Part 2: The Four Golden Signals as SLIs

Before writing a single PromQL query or building any dashboard, we defined what reliability means for MeetMind using Google's Four Golden Signals framework.

Why Four Golden Signals beat CPU/RAM monitoring

Traditional monitoring asks "is the server healthy?" The Four Golden Signals ask "is the user experiencing a healthy service?"

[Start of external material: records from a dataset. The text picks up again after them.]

lemma unsplit_image_subset: "A' \<subseteq> V' \<Longrightarrow> \<pi> ` A' \<subseteq> V"
  using image_mono unsplit_image_V' by metis

lemma old_in_unsplit_image:
  assumes A': "A' \<subseteq> V'" and x: "x \<in> V - {v}"
  shows "x \<in> \<pi> ` A' \<longleftrightarrow> x \<in> A'"
proof
  assume "x \<in> \<pi> ` A'"
  then obtain y where y: "y \<in> A'" "x = \<pi> y" by blast
  then have "y \<in> V - {v} \<or> y = v1 \<or> y = v2" using split_vertex_cases A' by blast
  then show "x \<in> A'" using y x unsplit_old unsplit_new by auto
next
  assume "x \<in> A'" then show "x \<in> \<pi> ` A'" using unsplit_old[OF x] by (metis image_eqI)
qed

lemma v_in_unsplit_image:
  assumes A': "A' \<subseteq> V'"
  shows "v \<in> \<pi> ` A' \<longleftrightarrow> v1 \<in> A' \<or> v2 \<in> A'"
proof
  assume "v \<in> \<pi> ` A'"
  then obtain y where y: "y \<in> A'" "v = \<pi> y" by blast
  then have "y \<in> V - {v} \<or> y = v1 \<or> y = v2" using split_vertex_cases A' by blast
  then show "v1 \<in> A' \<or> v2 \<in> A'" using y unsplit_old by auto
next
  assume "v1 \<in> A' \<or> v2 \<in> A'" then show "v \<in> \<pi> ` A'" using unsplit_new by (metis image_eqI)
qed

lemma adj_lift:
  assumes "adj E x y"
  obtains x' y' where "x' \<in> V'" "y' \<in> V'" "\<pi> x' = x" "\<pi> y' = y" "adj E' x' y'"
proof -
  have xy: "x \<in> V" "y \<in> V" "x \<noteq> y" using adj_imp_vertices[OF g assms] adj_imp_neq[OF g assms] by auto
  have vert: "z \<in> V'" "\<pi> z = z" if "z \<in> V" "z \<noteq> v" for z
    using that unsplit_old V'_def by auto
  show thesis
  proof (cases "x = v")
    case True
    then have "y \<in> N1 \<or> y \<in> N2" "y \<noteq> v" using assms adj_v_iff xy by auto
    then show thesis
      using that[of v1 y] that[of v2 y] vert[OF xy(2)] unsplit_new True V'_def
      unfolding adj_split_iff by auto
  next
    case x: False
    show thesis
    proof (cases "y = v")
      case True
      then have "x \<in> N1 \<or> x \<in> N2" using assms adj_v_iff adj_commute by metis
      then show thesis
        using that[of x v1] that[of x v2] vert[OF xy(1) x] unsplit_new True V'_def
        unfolding adj_split_iff by (auto simp: insert_commute)
    next
      case False
      then show thesis using that[of x y] vert xy x assms unfolding adj_split_iff by auto
    qed
  qed
qed

text \<open>Adjacent vertices of G lift to adjacent vertices of the split graph, so the image of a
  separation under \<pi> is again a separation.\<close>
lemma separation_unsplit:
  assumes sep: "separation V' E' A' B'"
  shows "separation V E (\<pi> ` A') (\<pi> ` B')"
  unfolding separation_def
proof (intro conjI ballI notI)
  show "\<pi> ` A' \<union> \<pi> ` B' = V"
    using separation_Un[OF sep] unsplit_image_V' by (simp add: image_Un[symmetric])
next
  fix x y assume x: "x \<in> \<pi> ` A' - \<pi> ` B'" and y: "y \<in> \<pi> ` B' - \<pi> ` A'" and xy: "adj E x y"
  obtain x' y' where "x' \<in> V'" "y' \<in> V'" "\<pi> x' = x" "\<pi> y' = y" "adj E' x' y'"
    using adj_lift[OF xy] .
  moreover have "A' \<union> B' = V'" using separation_Un[OF sep] .
  ultimately have "x' \<in> A' - B'" "y' \<in> B' - A'" using x y by auto
  then show False using separation_no_adj[OF sep] \<open>adj E' x' y'\<close> by blast
qed


lemma unsplit_Int_subset:
  assumes sep: "separation V' E' A' B'"
  shows "\<pi> ` A' \<inter> \<pi> ` B' \<subseteq> \<pi> ` (A' \<inter> B')"
proof
  have AV: "A' \<subseteq> V'" "B' \<subseteq> V'" using separation_subset[OF sep] by auto
  fix x assume x: "x \<in> \<pi> ` A' \<inter> \<pi> ` B'"
  show "x \<in> \<pi> ` (A' \<inter> B')"
  proof (cases "x = v")
    case True
    then have "v1 \<in> A' \<or> v2 \<in> A'" "v1 \<in> B' \<or> v2 \<in> B'"
      using x v_in_unsplit_image AV by auto
    moreover have "\<not> (v1 \<in> A' - B' \<and> v2 \<in> B' - A')" "\<not> (v2 \<in> A' - B' \<and> v1 \<in> B' - A')"
      using separation_no_adj[OF sep] adj_split_new adj_commute by metis+
    ultimately have "v1 \<in> A' \<inter> B' \<or> v2 \<in> A' \<inter> B'" by blast
    then show ?thesis using True unsplit_new by (metis image_eqI)
  next
    case False
    then have xV: "x \<in> V - {v}" using x unsplit_image_subset[OF AV(1)] by blast
    then have "x \<in> A' \<inter> B'" using x old_in_unsplit_image[OF AV(1) xV] old_in_unsplit_image[OF AV(2) xV] by blast
    then show ?thesis using unsplit_old[OF xV] by (metis image_eqI)
  qed
qed

lemma card_unsplit_Int_le:
  assumes sep: "separation V' E' A' B'"
  shows "card (\<pi> ` A' \<inter> \<pi> ` B') \<le> card (A' \<inter> B')"
proof -
  have f: "finite (A' \<inter> B')" using separation_subset[OF sep] finite_V' finite_subset by blast
  have "card (\<pi> ` A' \<inter> \<pi> ` B') \<le> card (\<pi> ` (A' \<inter> B'))"
    by (rule card_mono) (use f unsplit_Int_subset[OF sep] in auto)
  also have "\<dots> \<le> card (A' \<inter> B')" by (rule card_image_le[OF f])
  finally show ?thesis .
qed

lemma card_unsplit_Int_less:
  assumes sep: "separation V' E' A' B'" and new: "v1 \<in> A' \<inter> B'" "v2 \<in> A' \<inter> B'"
  shows "card (\<pi> ` A' \<inter> \<pi> ` B') < card (A' \<inter> B')"
proof -
  let ?X = "A' \<inter> B'"
  have f: "finite ?X" using separation_subset[OF sep] finite_V' finite_subset by blast
  have "\<pi> ` ?X = \<pi> ` (?X - {v2})"
    using new unsplit_new by (auto simp: image_iff) (metis Diff_iff Int_iff singletonD v12)
  then have "card (\<pi> ` ?X) \<le> card (?X - {v2})" using card_image_le[of "?X - {v2}" \<pi>] f by simp
  also have "\<dots> < card ?X" using f new(2) by (rule card_Diff1_less)
  finally have "card (\<pi> ` ?X) < card ?X" .
  moreover have "card (\<pi> ` A' \<inter> \<pi> ` B') \<le> card (\<pi> ` ?X)"
    by (rule card_mono) (use f unsplit_Int_subset[OF sep] in auto)
  ultimately show ?thesis by linarith
qed

lemma full_unsplit_side_new:
  assumes sep: "separation V' E' A' B'" and proper: "A' \<noteq> V'" and full: "\<pi> ` A' = V"
  shows "v1 \<notin> A' \<or> v2 \<notin> A'"
proof (rule ccontr)
  assume "\<not> (v1 \<notin> A' \<or> v2 \<notin> A')"
  moreover have "A' \<subseteq> V'" using separation_subset[OF sep] by blast
  moreover have "x \<in> A'" if "x \<in> V - {v}" for x
    using old_in_unsplit_image[OF \<open>A' \<subseteq> V'\<close> that] full that by blast
  ultimately have "A' = V'" using split_vertex_cases by blast
  then show False using proper by contradiction
qed


text \<open>If the image of A' is all of V, then every old vertex lies in A'.\<close>
lemma full_unsplit_side_structure:
  assumes sep: "separation V' E' A' B'" and full: "\<pi> ` A' = V" and wA: "w \<notin> A'"
    and ww: "{w, w'} = {v1, v2}" "w \<noteq> w'" and nw: "nbrs E' w = insert w' M" and MV: "M \<subseteq> V - {v}"
  shows "B' - A' = {w}" "insert w' M \<subseteq> A' \<inter> B'"
proof -
  have AV: "A' \<subseteq> V'" "B' \<subseteq> V'" using separation_subset[OF sep] by auto
  have ww': "w = v1 \<and> w' = v2 \<or> w = v2 \<and> w' = v1" using ww by (auto simp: doubleton_eq_iff)
  have old_A: "x \<in> A'" if "x \<in> V - {v}" for x
    using old_in_unsplit_image[OF AV(1) that] full that by blast
  have "w \<in> V'" "w' \<in> V'" using ww' V'_def by auto
  then have wB: "w \<in> B' - A'" using wA separation_Un[OF sep] by blast
  have "v1 \<in> A' \<or> v2 \<in> A'" using v_in_unsplit_image[OF AV(1)] full vV by simp
  then have w'A: "w' \<in> A'" using ww' wA by blast
  show "B' - A' = {w}"
  proof
    show "B' - A' \<subseteq> {w}"
      using AV split_vertex_cases old_A ww' w'A by blast
  qed (use wB in blast)
  have "nbrs E' w \<subseteq> B'"
    using separation_nbrs_subset[OF graph_split separation_swap[OF sep]] wB by blast
  then show "insert w' M \<subseteq> A' \<inter> B'" using nw MV old_A w'A by blast
qed

lemma full_unsplit_side:
  assumes sep: "separation V' E' A' B'" and full: "\<pi> ` A' = V" and wA: "w \<notin> A'"
    and ww: "{w, w'} = {v1, v2}" "w \<noteq> w'"
    and nw: "nbrs E' w = insert w' M" and nw': "nbrs E' w' = insert w M'"
    and MM: "M \<inter> M' = {}" and cM: "2 \<le> card M" and MV: "M \<subseteq> V - {v}"
  shows "3 \<le> card (A' \<inter> B')" "card (A' \<inter> B') = 3 \<Longrightarrow> thin E' B' A'"
proof -
  note side = full_unsplit_side_structure[OF sep full wA ww nw MV]
  have fX: "finite (A' \<inter> B')" using separation_subset[OF sep] finite_V' finite_subset by blast
  have ww': "w = v1 \<and> w' = v2 \<or> w = v2 \<and> w' = v1" using ww by (auto simp: doubleton_eq_iff)
  have w'M: "w' \<notin> M" "w \<notin> M" using ww' MV v1_new v2_new by auto
  have fM: "finite M" using MV finite_V finite_subset by blast
  then have cI: "card (insert w' M) = card M + 1" using w'M by simp
  then show "3 \<le> card (A' \<inter> B')" using card_mono[OF fX side(2)] cM by simp
  assume c3: "card (A' \<inter> B') = 3"
  then have "A' \<inter> B' = insert w' M" using card_seteq[OF fX side(2)] cI cM by simp
  moreover from this have "card M = 2" using cI c3 by simp
  then obtain p q where pq: "M = {p, q}" "p \<noteq> q" by (meson card_2_iff)
  ultimately have B': "B' = {w, w', p, q}" using side(1) by blast
  have "{e\<in>E'. e \<subseteq> B'} \<subseteq> {{w, w'}, {w, p}, {w, q}, {p, q}}"
  proof
    fix e assume e: "e \<in> {e\<in>E'. e \<subseteq> B'}"
    then have eE: "e \<in> E'" and eB: "e \<subseteq> B'" by auto
    obtain x y where xy: "x \<noteq> y" "e = {x, y}" using edge_doubleton[OF graph_split eE] by blast
    then have "adj E' x y" "adj E' y x" using eE unfolding adj_def by (auto simp: insert_commute)
    then have "x \<in> nbrs E' y" "y \<in> nbrs E' x" unfolding nbrs_def by auto
    moreover have "x \<in> {w, w', p, q}" "y \<in> {w, w', p, q}" using eB xy B' by auto
    ultimately show "e \<in> {{w, w'}, {w, p}, {w, q}, {p, q}}"
      using xy nw nw' MM pq ww(2) w'M by (auto simp: doubleton_eq_iff)
  qed
  then have "edges_in E' B' \<le> card {{w, w'}, {w, p}, {w, q}, {p, q}}"
    unfolding edges_in_def by (rule card_mono[rotated]) simp
  also have "\<dots> \<le> 4" by (simp add: card_insert_if)
  finally show "thin E' B' A'" unfolding thin_def using side(1) by simp
qed


lemma split_edge_cases:
  assumes e: "e \<in> E'" "e \<noteq> {v1, v2}"
  obtains (old) "v \<notin> \<pi> ` e" "\<pi> ` e = e" "e \<in> E"
  | (new) x where "x \<in> N1 \<union> N2" "\<pi> ` e = {v, x}" "e = {if x \<in> N1 then v1 else v2, x}"
proof -
  consider (old) "e \<in> E" "v \<notin> e" | (N1) x where "x \<in> N1" "e = {v1, x}"
    | (N2) x where "x \<in> N2" "e = {v2, x}" using e unfolding E'_def by blast
  then show thesis
  proof cases
    case old
    then have "v1 \<notin> e" "v2 \<notin> e" using g v1_new v2_new unfolding graph_def by blast+
    then have "\<pi> ` e = (\<lambda>x. x) ` e" by (intro image_cong) (auto simp: unsplit_def)
    then show thesis using old that(1) by simp
  next
    case N1
    then have "\<pi> x = x" using N_subset unsplit_old by blast
    then show thesis using N1 unsplit_new that(2)[of x] by simp
  next
    case N2
    then have "\<pi> x = x" "x \<notin> N1" using N_subset ND unsplit_old by blast+
    then show thesis using N2 unsplit_new that(2)[of x] by simp
  qed
qed

lemma unsplit_edge:
  assumes "e \<in> E'" "e \<noteq> {v1, v2}"
  shows "\<pi> ` e \<in> E"
  using assms
proof (cases rule: split_edge_cases)
  case (new x)
  then show ?thesis using adj_v_iff unfolding adj_def by simp
qed simp

lemma inj_on_unsplit_edges: "inj_on ((`) \<pi>) (E' - {{v1, v2}})"
proof (rule inj_onI)
  fix e1 e2 assume e: "e1 \<in> E' - {{v1, v2}}" "e2 \<in> E' - {{v1, v2}}" and eq: "\<pi> ` e1 = \<pi> ` e2"
  have e1: "e1 \<in> E'" "e1 \<noteq> {v1, v2}" and e2: "e2 \<in> E'" "e2 \<noteq> {v1, v2}" using e by auto
  have xv: "x \<noteq> v" if "x \<in> N1 \<union> N2" for x using that N_subset by blast
  from e1 show "e1 = e2"
  proof (cases rule: split_edge_cases)
    case old
    from e2 show ?thesis
      by (cases rule: split_edge_cases) (use old eq in auto)
  next
    case (new x1)
    from e2 show ?thesis
    proof (cases rule: split_edge_cases)
      case (new x2)
      then have "x1 = x2" using \<open>\<pi> ` e1 = {v, x1}\<close> \<open>x1 \<in> N1 \<union> N2\<close> eq xv
        by (auto simp: doubleton_eq_iff)
      then show ?thesis using \<open>e1 = _\<close> new by simp
    qed (use new eq in auto)
  qed
qed

lemma edges_in_split_le:
  "edges_in E' A' \<le> edges_in E (\<pi> ` A') + of_bool (v1 \<in> A' \<and> v2 \<in> A')"
proof -
  let ?F' = "{e\<in>E'. e \<subseteq> A'}"
  have fE: "finite E" "finite E'" using graph_finite_edges[OF g] graph_finite_edges[OF graph_split] by auto
  have "?F' - {{v1, v2}} \<subseteq> E' - {{v1, v2}}" by blast
  then have "card (?F' - {{v1, v2}}) = card ((`) \<pi> ` (?F' - {{v1, v2}}))"
    using card_image[OF inj_on_subset[OF inj_on_unsplit_edges]] by metis
  also have "\<dots> \<le> edges_in E (\<pi> ` A')"
    unfolding edges_in_def using unsplit_edge fE by (intro card_mono) auto
  finally have "card (?F' - {{v1, v2}}) \<le> edges_in E (\<pi> ` A')" .
  moreover have "card ?F' \<le> card (?F' - {{v1, v2}}) + of_bool (v1 \<in> A' \<and> v2 \<in> A')"
  proof (cases "v1 \<in> A' \<and> v2 \<in> A'")
    case True
    have "card ?F' \<le> Suc (card (?F' - {{v1, v2}}))"
      using card_Suc_Diff1[of ?F' "{v1, v2}"] card_Diff1_le[of ?F' "{v1, v2}"] fE
      by (cases "{v1, v2} \<in> ?F'") simp_all
    then show ?thesis using True by simp
  next
    case False
    then have "?F' - {{v1, v2}} = ?F'" by auto
    then show ?thesis by simp
  qed
  ultimately show ?thesis unfolding edges_in_def by linarith
qed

A server can have 10% CPU and still serve every request with 5-second latency. CPU monitoring shows green. The Four Golden Signals show red. That's the difference.

Signal 1 — Latency

How long does it take to serve a request? We distinguish successful from error latency — a fast error is not a success.

# p95 latency for successful requests
histogram_quantile(0.95,
  sum(rate(http_request_duration_seconds_bucket{status!~"5.."}[5m])) by (le, job)
)

# p95 latency for error requests (errors are often faster — fail fast)
histogram_quantile(0.95,
  sum(rate(http_request_duration_seconds_bucket{status=~"5.."}[5m])) by (le, job)
)

Signal 2 — Traffic

How much demand is the system handling?

# Requests per second
sum(rate(http_requests_total[1m])) by (job)

Signal 3 — Errors

Rate of failed requests — explicit 5xx, implicit wrong content, policy failures.

# Error rate as a ratio (0 = perfect, 1 = everything failing)
sum(rate(http_requests_total{status=~"5.."}[5m])) by (job)
/
sum(rate(http_requests_total[5m])) by (job)

Signal 4 — Saturation

How "full" is the service? We track CPU, memory, and disk.

# Memory saturation
1 - (node_memory_MemAvailable_bytes / node_memory_MemTotal_bytes)

# CPU saturation
1 - avg by (instance) (rate(node_cpu_seconds_total{mode="idle"}[5m]))

# Disk saturation
1 - (
  node_filesystem_avail_bytes{mountpoint="/", fstype!="tmpfs"}
  / node_filesystem_size_bytes{mountpoint="/", fstype!="tmpfs"}
)

These four PromQL expressions become our SLIs — the measurements we track.

Part 3: SLOs and Error Budgets

The philosophy

An SLI is a measurement.
An SLO is a target for that measurement.
An Error Budget is the allowable gap between perfect and the SLO target.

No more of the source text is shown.